Traditionally during recreation the Sinhalese wear a sarong (sarama in Sinhala). Men may wear a long-sleeved shirt with the sarong, while women wear a tight-fitting, short-sleeved jacket with a wrap-around called the cheeththaya. In the more populated areas, Sinhalese men also wear Western-style clothing wearing suits while the women wear skirts and blouses. For formal and ceremonial occasions women wear the traditional Kandyan (Osaria) style, which consists of a full blouse which covers the midriff completely, and is partially tucked in at the front. However, modern intermingling of styles has led to most wearers baring the midriff. The Kandyan style is considered as the national dress of Sinhalese women. In many occasions and functions, even the saree plays an important role in women's clothing and has become the de facto clothing for female office workers especially in government sector. An example of its use is the uniform of air hostesses of Sri Lankan Airlines.[37]

Cuisine

Typical Sri Lankan dish of rice and prawns.

Sinhalese cuisine is one of the most complex cuisines of South Asia. As a major trade hub, it draws influence from colonial powers that were involved in Sri Lanka and by foreign traders. Rice, which is consumed daily, can be found at any occasion, while spicy curries are favourite dishes for lunch and dinner.[55] Some of the Sri Lankan dishes have striking resemblance to Kerala cuisine, which could be due to the similar geographic and agricultural features with Kerala. A well-known rice dish with Sinhalese is Kiribath, meaning "Milk Rice." In addition to sambols, Sinhalese eat "Mallung"- chopped leaves mixed with grated coconut and red onions. Coconut milk is found in most Sri Lankan dishes to give the cuisine its unique flavour.

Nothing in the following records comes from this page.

text \<open>This is the key congruence: the sum ranges over all zero-sum index sets including the empty one, and
  it is divisible by \<open>p\<close> for every polynomial in \<open>|I|\<close> of degree less than \<open>i\<close>, because the
  binomial weights \<open>(n - |I|) choose t\<close>, \<open>t < i\<close>, count the supersets of \<open>I\<close> of size \<open>n - t \<ge> D(G)\<close>.\<close>

lemma weighted_zero_sum_count_dvd:
  fixes x :: "'i \<Rightarrow> 'a::{finite,ab_group_add}" and L :: "int set"
  assumes p: "prime p" and G: "card (UNIV :: 'a set) = p ^ k"
    and U: "finite U" "card U = davenport TYPE('a) + i - 1" and L: "finite L" "card L < i"
  shows "int p dvd (\<Sum>I | I \<subseteq> U \<and> sum x I = 0. (-1) ^ card I * (\<Prod>l\<in>L. int (card I) - l))"
proof -
  let ?n = "card U" and ?Z = "{I. I \<subseteq> U \<and> sum x I = 0}"
  have binom: "int p dvd (\<Sum>I\<in>?Z. (-1) ^ card I * int ((?n - card I) choose t))" if "t \<le> card L" for t
  proof -
    have "(\<Sum>J | J \<subseteq> U \<and> card J = ?n - t. \<Sum>I | I \<subseteq> J \<and> sum x I = 0. (-1) ^ card I) =
        (\<Sum>I\<in>?Z. (-1) ^ card I * int ((?n - card I) choose t))"
      using U(1) that L(2) U(2) by (simp add: sum_subsets_of_card_sum_subsets)
    moreover have "int p dvd (\<Sum>J | J \<subseteq> U \<and> card J = ?n - t. \<Sum>I | I \<subseteq> J \<and> sum x I = 0. (-1) ^ card I)"
      using that L(2) U by (intro dvd_sum alternating_zero_sum_count_dvd[OF p G])
        (auto intro: finite_subset)
    ultimately show ?thesis by simp
  qed
  have "int p dvd (\<Sum>I\<in>?Z. (-1) ^ card I * int ((?n - card I) choose 0) *
      (\<Prod>l\<in>L. (int ?n - l) - int (?n - card I)))"
    using binom L(1) by (intro dvd_sum_binomial_mult_prod[where d="card L"]) auto
  also have "(\<Sum>I\<in>?Z. (-1) ^ card I * int ((?n - card I) choose 0) * (\<Prod>l\<in>L. (int ?n - l) - int (?n - card I))) =
      (\<Sum>I\<in>?Z. (-1) ^ card I * (\<Prod>l\<in>L. int (card I) - l))"
    using U(1) by (intro sum.cong refl) (auto simp: of_nat_diff card_mono)
  finally show ?thesis .
qed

Sri Lanka has long been renowned for its spices. The best known is cinnamon which is native to Sri Lanka. In the 15th and 16th centuries, spice and ivory traders from all over the world who came to Sri Lanka brought their native cuisines to the island, resulting in a rich diversity of cooking styles and techniques. Lamprais rice boiled in stock with a special curry, accompanied by frikkadels (meatballs), all of which is then wrapped in a banana leaf and baked as a Dutch-influenced Sri Lankan dish. Dutch and Portuguese sweets also continue to be popular. British influences include roast beef and roast chicken. Also, the influence of the Indian cooking methods and food have played a major role in what Sri Lankans eat.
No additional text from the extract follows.